[Stored items]
──────

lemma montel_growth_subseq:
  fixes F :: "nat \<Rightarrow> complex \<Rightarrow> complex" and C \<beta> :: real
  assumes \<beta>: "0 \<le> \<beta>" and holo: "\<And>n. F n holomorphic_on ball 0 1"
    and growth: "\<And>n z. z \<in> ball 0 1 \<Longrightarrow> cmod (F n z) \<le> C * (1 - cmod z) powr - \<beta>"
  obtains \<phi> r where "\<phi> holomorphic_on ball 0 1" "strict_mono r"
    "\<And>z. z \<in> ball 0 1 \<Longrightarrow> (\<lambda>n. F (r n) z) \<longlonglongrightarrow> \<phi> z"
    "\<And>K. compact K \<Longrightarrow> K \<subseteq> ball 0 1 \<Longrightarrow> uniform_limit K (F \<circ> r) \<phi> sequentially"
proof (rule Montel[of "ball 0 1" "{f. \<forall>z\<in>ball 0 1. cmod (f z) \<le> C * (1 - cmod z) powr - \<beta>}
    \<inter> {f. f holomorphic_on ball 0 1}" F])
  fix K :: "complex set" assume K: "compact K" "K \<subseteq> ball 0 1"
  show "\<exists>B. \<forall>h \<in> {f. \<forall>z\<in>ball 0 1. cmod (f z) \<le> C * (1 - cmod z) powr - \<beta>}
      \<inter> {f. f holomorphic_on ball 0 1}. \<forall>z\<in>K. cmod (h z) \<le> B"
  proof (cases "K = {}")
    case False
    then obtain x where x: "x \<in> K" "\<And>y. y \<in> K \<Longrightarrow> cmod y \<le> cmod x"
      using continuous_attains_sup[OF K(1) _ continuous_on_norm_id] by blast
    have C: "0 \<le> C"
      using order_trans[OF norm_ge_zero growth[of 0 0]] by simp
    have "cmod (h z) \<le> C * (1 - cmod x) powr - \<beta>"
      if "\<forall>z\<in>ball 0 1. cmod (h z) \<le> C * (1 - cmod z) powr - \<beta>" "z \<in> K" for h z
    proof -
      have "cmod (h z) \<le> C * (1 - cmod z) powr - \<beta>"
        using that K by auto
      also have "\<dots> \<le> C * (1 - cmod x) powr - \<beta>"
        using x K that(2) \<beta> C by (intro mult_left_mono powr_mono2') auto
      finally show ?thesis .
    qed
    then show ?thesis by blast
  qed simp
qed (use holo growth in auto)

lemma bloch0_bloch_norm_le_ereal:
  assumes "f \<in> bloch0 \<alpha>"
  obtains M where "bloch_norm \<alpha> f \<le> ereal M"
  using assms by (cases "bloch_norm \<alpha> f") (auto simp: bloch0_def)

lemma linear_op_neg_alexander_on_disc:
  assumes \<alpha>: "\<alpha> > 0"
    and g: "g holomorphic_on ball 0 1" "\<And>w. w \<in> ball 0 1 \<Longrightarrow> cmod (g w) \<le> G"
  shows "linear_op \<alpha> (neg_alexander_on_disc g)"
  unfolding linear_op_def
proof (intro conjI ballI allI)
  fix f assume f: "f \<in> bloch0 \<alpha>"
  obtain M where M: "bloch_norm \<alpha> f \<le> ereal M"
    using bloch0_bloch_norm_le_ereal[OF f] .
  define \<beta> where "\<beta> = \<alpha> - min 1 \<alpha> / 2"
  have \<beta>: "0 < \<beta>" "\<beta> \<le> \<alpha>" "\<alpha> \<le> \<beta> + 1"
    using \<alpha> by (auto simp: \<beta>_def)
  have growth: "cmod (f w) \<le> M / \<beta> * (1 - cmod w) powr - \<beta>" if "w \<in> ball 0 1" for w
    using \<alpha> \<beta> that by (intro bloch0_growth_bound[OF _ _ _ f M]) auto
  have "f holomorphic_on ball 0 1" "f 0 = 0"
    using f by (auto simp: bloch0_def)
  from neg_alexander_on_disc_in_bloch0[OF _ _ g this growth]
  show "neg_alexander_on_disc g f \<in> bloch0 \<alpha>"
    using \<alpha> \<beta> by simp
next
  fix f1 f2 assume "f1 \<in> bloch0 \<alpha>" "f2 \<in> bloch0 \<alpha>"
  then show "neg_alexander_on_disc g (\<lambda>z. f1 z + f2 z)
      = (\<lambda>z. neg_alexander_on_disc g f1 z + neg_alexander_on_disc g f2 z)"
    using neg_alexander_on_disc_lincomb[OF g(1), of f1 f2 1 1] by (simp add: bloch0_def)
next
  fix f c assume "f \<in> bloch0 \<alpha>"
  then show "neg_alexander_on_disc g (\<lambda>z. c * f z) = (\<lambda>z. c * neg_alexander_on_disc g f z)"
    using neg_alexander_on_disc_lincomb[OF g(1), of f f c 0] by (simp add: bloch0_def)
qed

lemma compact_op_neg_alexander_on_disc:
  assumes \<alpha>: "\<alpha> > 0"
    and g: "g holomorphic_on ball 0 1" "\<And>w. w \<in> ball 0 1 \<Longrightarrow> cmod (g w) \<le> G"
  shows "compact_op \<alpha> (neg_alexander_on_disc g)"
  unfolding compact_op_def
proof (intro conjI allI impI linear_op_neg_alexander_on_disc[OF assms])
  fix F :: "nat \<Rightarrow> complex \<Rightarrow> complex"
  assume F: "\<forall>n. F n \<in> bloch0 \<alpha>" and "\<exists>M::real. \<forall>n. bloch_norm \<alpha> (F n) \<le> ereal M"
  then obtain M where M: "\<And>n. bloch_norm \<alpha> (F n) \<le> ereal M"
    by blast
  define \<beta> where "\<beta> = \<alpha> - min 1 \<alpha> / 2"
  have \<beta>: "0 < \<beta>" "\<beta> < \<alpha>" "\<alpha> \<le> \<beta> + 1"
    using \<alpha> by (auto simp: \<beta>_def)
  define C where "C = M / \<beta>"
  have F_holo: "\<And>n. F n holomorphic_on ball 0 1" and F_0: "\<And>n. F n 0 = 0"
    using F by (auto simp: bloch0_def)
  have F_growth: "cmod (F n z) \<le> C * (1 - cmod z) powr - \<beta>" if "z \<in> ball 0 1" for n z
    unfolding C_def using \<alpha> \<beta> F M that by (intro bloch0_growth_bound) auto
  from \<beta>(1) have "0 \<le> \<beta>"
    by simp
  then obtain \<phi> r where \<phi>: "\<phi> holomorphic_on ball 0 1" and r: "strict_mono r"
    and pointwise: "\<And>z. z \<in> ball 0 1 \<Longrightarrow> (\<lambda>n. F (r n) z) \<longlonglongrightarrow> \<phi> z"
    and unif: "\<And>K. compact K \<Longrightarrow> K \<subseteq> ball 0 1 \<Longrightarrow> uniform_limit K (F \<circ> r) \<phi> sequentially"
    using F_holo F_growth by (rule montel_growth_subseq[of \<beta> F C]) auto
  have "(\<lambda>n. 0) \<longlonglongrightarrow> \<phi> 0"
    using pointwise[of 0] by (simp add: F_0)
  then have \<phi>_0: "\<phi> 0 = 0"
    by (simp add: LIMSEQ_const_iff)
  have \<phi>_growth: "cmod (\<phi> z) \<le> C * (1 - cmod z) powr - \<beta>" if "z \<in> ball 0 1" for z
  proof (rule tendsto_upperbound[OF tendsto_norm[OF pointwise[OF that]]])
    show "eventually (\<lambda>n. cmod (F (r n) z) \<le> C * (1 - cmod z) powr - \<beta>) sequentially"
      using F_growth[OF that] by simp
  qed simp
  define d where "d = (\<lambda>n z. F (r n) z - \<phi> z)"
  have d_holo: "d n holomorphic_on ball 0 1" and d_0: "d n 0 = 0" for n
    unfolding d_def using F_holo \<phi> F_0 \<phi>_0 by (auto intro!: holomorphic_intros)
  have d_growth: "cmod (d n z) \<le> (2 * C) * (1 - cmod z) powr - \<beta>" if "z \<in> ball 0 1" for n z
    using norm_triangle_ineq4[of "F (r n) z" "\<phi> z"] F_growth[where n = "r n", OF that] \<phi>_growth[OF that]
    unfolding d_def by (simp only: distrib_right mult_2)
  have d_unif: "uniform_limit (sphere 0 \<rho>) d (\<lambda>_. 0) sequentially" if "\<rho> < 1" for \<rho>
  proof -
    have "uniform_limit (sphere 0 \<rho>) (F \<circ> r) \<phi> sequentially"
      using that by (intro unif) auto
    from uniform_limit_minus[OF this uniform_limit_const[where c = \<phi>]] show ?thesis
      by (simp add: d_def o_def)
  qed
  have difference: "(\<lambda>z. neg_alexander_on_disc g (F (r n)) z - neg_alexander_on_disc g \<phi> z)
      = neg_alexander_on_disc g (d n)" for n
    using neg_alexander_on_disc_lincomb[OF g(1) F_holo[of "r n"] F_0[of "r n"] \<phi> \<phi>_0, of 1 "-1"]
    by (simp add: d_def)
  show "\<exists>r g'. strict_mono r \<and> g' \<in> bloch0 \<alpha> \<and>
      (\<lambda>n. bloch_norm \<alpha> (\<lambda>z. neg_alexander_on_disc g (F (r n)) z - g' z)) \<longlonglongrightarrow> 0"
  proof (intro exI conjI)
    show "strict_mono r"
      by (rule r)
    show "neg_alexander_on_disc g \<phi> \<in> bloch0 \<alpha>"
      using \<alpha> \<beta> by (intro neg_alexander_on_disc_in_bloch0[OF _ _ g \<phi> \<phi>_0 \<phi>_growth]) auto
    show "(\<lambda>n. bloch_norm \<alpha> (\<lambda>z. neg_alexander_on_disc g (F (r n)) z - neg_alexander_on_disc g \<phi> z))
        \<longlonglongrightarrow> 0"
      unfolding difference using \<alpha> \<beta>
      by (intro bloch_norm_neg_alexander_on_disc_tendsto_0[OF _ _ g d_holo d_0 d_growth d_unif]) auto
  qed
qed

──────

Lines holding the string "circ" in the records above must be counted; give the number alone.

3